EXERCISE DETAILS = If a line in the entries includes "also", show that line.

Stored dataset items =
(* The configuration consists of L rectangles with sides 1 and q0, the k-th one lying in the
   plane spanned by e1 and e(k+1), with charge +1 at the two corners on the side e(k+1) > 0
   and -1 at the other two. Fix a row i. The corners of a rectangle other than that of z_i form
   two pairs of opposite charges at equal distance from z_i, so their contributions cancel.
   Within its own rectangle z_i sees the same charge at distance 1 and opposite charges at
   distances q0 and sqrt (1 + q0^2); the resulting sum 1 - q0^(2-N) - (1 + q0^2)^((2-N)/2)
   vanishes by the equation defining q0. So the indicator vector of every rectangle lies in
   the kernel of A*, and these L disjointly supported vectors are linearly independent. *)

lemma ex1_balance_root:
  fixes a :: real
  assumes "a \<ge> 1/2"
  shows "\<exists>!q. q > 0 \<and> q powr (- 2 * a) + (q\<^sup>2 + 1) powr (- a) = 1"
proof -
  define f where "f q = q powr (- 2 * a) + (q\<^sup>2 + 1) powr (- a)" for q :: real
  have f_strict_antimono: "f y < f x" if "0 < x" "x < y" for x y
  proof -
    have "y powr (-2*a) < x powr (-2*a)" using that assms by (intro powr_less_mono2_neg) auto
    moreover have "(y\<^sup>2+1) powr (-a) < (x\<^sup>2+1) powr (-a)" using that assms
      by (intro powr_less_mono2_neg) (auto intro: power_strict_mono add_pos_nonneg)
    ultimately show ?thesis unfolding f_def by simp
  qed
  have "f 1 \<ge> 1" unfolding f_def by simp
  moreover have "f 2 \<le> 1"
  proof -
    have "(2::real) powr (-2*a) \<le> 2 powr (-1)" using assms by (intro powr_mono) auto
    moreover have "(5::real) powr (-a) \<le> 5 powr (-1/2)" using assms by (intro powr_mono) auto
    moreover have "(5::real) powr (-1/2) \<le> 1/2"
      using real_sqrt_le_mono[of 4 5] by (simp add: powr_minus powr_half_sqrt divide_simps)
    moreover have "f 2 = 2 powr (-2*a) + 5 powr (-a)" unfolding f_def by simp
    moreover have "(2::real) powr (-1) = 1/2" by (simp add: powr_minus_divide)
    ultimately show ?thesis by linarith
  qed
  moreover have "isCont f x" if "1 \<le> x" for x
  proof -
    have "0 < x\<^sup>2 + 1" by (intro add_nonneg_pos) simp_all
    then show ?thesis unfolding f_def using that by (intro continuous_intros) auto
  qed
  ultimately obtain x where "1 \<le> x" "f x = 1"
    using IVT2[of f 2 1 1] by auto
  then have "\<exists>!q. q > 0 \<and> f q = 1"
  proof (intro ex1I[of _ x])
    show "x > 0 \<and> f x = 1" using \<open>1 \<le> x\<close> \<open>f x = 1\<close> by simp
  next
    fix y assume "y > 0 \<and> f y = 1"
    then show "y = x"
      using f_strict_antimono[of x y] f_strict_antimono[of y x] \<open>1 \<le> x\<close> \<open>f x = 1\<close>
      by (cases x y rule: linorder_cases) auto
  qed
  then show ?thesis unfolding f_def .
qed

lemma powr_neg_half_of_nat:
  fixes x :: real
  assumes "x > 0"
  shows "x powr (- (real n / 2)) = 1 / sqrt x ^ n"
proof -
  have "sqrt x ^ n = (x powr (1/2)) ^ n" using assms by (simp add: powr_half_sqrt)
  also have "\<dots> = x powr (real n / 2)" using assms by (simp add: powr_power mult.commute)
  finally show ?thesis by (simp only: powr_minus_divide)
qed

lemma q0_pos_balance:
  assumes "N \<ge> 3"
  shows "q0 N > 0" and "1 / q0 N ^ (N - 2) + 1 / sqrt ((q0 N)\<^sup>2 + 1) ^ (N - 2) = 1"
proof -
  have D: "D N = real (N - 2) / 2" using assms unfolding D_def by (simp add: of_nat_diff)
  have "D N \<ge> 1/2" using D assms by simp
  from theI'[OF ex1_balance_root[OF this]]
  have q: "q0 N > 0" "q0 N powr (- 2 * D N) + ((q0 N)\<^sup>2 + 1) powr (- D N) = 1"
    unfolding q0_def by auto
  show "q0 N > 0" by (fact q(1))
  have "q0 N powr (- 2 * D N) = inverse (q0 N powr real (N - 2))"
    unfolding D by (simp add: powr_minus)
  also have "\<dots> = 1 / q0 N ^ (N - 2)"
    using q(1) by (simp add: powr_realpow divide_inverse)
  finally have "q0 N powr (- 2 * D N) = 1 / q0 N ^ (N - 2)" .
  moreover have "((q0 N)\<^sup>2 + 1) powr (- D N) = 1 / sqrt ((q0 N)\<^sup>2 + 1) ^ (N - 2)"
    unfolding D by (rule powr_neg_half_of_nat) (simp add: add_nonneg_pos)
  ultimately show "1 / q0 N ^ (N - 2) + 1 / sqrt ((q0 N)\<^sup>2 + 1) ^ (N - 2) = 1"
    using q(2) by simp
qed

definition plane_point :: "real \<Rightarrow> real \<Rightarrow> nat \<Rightarrow> nat \<Rightarrow> real" where
  "plane_point a b k = (\<lambda>m. a * e 1 m + b * e (k + 1) m)"

lemma edist_plane_point:
  assumes "k \<in> {1..N - 1}" "l \<in> {1..N - 1}"
  shows "edist N (plane_point a b k) (plane_point a' b' l) =
    sqrt ((a - a')\<^sup>2 + (if k = l then (b - b')\<^sup>2 else b\<^sup>2 + b'\<^sup>2))"
proof -
  have kl: "1 \<le> k" "k + 1 \<le> N" "1 \<le> l" "l + 1 \<le> N" using assms by auto
  have "(plane_point a b k m - plane_point a' b' l m)\<^sup>2 =
      (if m = 1 then (a - a')\<^sup>2 else 0)
      + (if m = k + 1 then (if k = l then (b - b')\<^sup>2 else b\<^sup>2) else 0)
      + (if m = l + 1 \<and> k \<noteq> l then b'\<^sup>2 else 0)" for m
    using kl unfolding plane_point_def std_basis_def
    by (auto simp: power2_eq_square algebra_simps)
  then have "(\<Sum>m = 1..N. (plane_point a b k m - plane_point a' b' l m)\<^sup>2) =
      (a - a')\<^sup>2 + (if k = l then (b - b')\<^sup>2 else b\<^sup>2) + (if k \<noteq> l then b'\<^sup>2 else 0)"
    using kl by (simp add: sum.distrib sum.delta)
  then show ?thesis unfolding edist_def by simp
qed

(* For q = q0 N and r < 4, corner q k r is the point z*_(4k-3+r), and corner_charge r its charge. *)
definition corner_x :: "nat \<Rightarrow> real" where
  "corner_x r = (if even r then 1/2 else -1/2)"

definition corner_y :: "real \<Rightarrow> nat \<Rightarrow> real" where
  "corner_y q r = (if r < 2 then q/2 else -q/2)"

definition corner_charge :: "nat \<Rightarrow> real" where
  "corner_charge r = (if r < 2 then 1 else -1)"

definition corner :: "real \<Rightarrow> nat \<Rightarrow> nat \<Rightarrow> nat \<Rightarrow> real" where
  "corner q k r = plane_point (corner_x r) (corner_y q r) k"

lemma sum_lessThan_4:
  fixes g :: "nat \<Rightarrow> 'a :: comm_monoid_add"
  shows "(\<Sum>r<4. g r) = g 0 + g 1 + g 2 + g 3"
  by (simp add: numeral_eq_Suc add.assoc)

lemma own_rectangle_row_sum:
  fixes q :: real
  assumes "q > 0" "1 / q ^ n + 1 / sqrt (q\<^sup>2 + 1) ^ n = 1" "r < 4"
  shows "(\<Sum>r'<4. if r' = r then 0 else corner_charge r * corner_charge r' /
      sqrt ((corner_x r - corner_x r')\<^sup>2 + (corner_y q r - corner_y q r')\<^sup>2) ^ n) = 0"
proof -
  have "r = 0 \<or> r = 1 \<or> r = 2 \<or> r = 3" using assms(3) by auto
  then show ?thesis
    using assms unfolding sum_lessThan_4
    by (auto simp: corner_x_def corner_y_def corner_charge_def power2_eq_square add.commute)
qed

lemma other_rectangle_row_sum:
  "(\<Sum>r'<4. corner_charge r * corner_charge r' /
      sqrt ((corner_x r - corner_x r')\<^sup>2 + (corner_y q r)\<^sup>2 + (corner_y q r')\<^sup>2) ^ n) = 0"
  unfolding sum_lessThan_4
  by (simp add: corner_x_def corner_y_def corner_charge_def power2_eq_square)

definition block_indicator :: "nat \<Rightarrow> nat \<Rightarrow> real" where
  "block_indicator l j = (if j \<in> {4 * l - 3..4 * l} then 1 else 0)"

lemma block_index_cases:
  fixes i L :: nat
  assumes "i \<in> {1..4 * L}"
  obtains k r where "k \<in> {1..L}" "r < 4" "i = 4 * k - 3 + r"
proof
  show "(i + 3) div 4 \<in> {1..L}" "(i + 3) mod 4 < 4" using assms by auto
  show "i = 4 * ((i + 3) div 4) - 3 + (i + 3) mod 4"
    using assms unfolding atLeastAtMost_iff by presburger
qed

ANSWER TO THIS TASK =
  also have "\<dots> = x powr (real n / 2)" using assms by (simp add: powr_power mult.commute)
  also have "\<dots> = 1 / q0 N ^ (N - 2)"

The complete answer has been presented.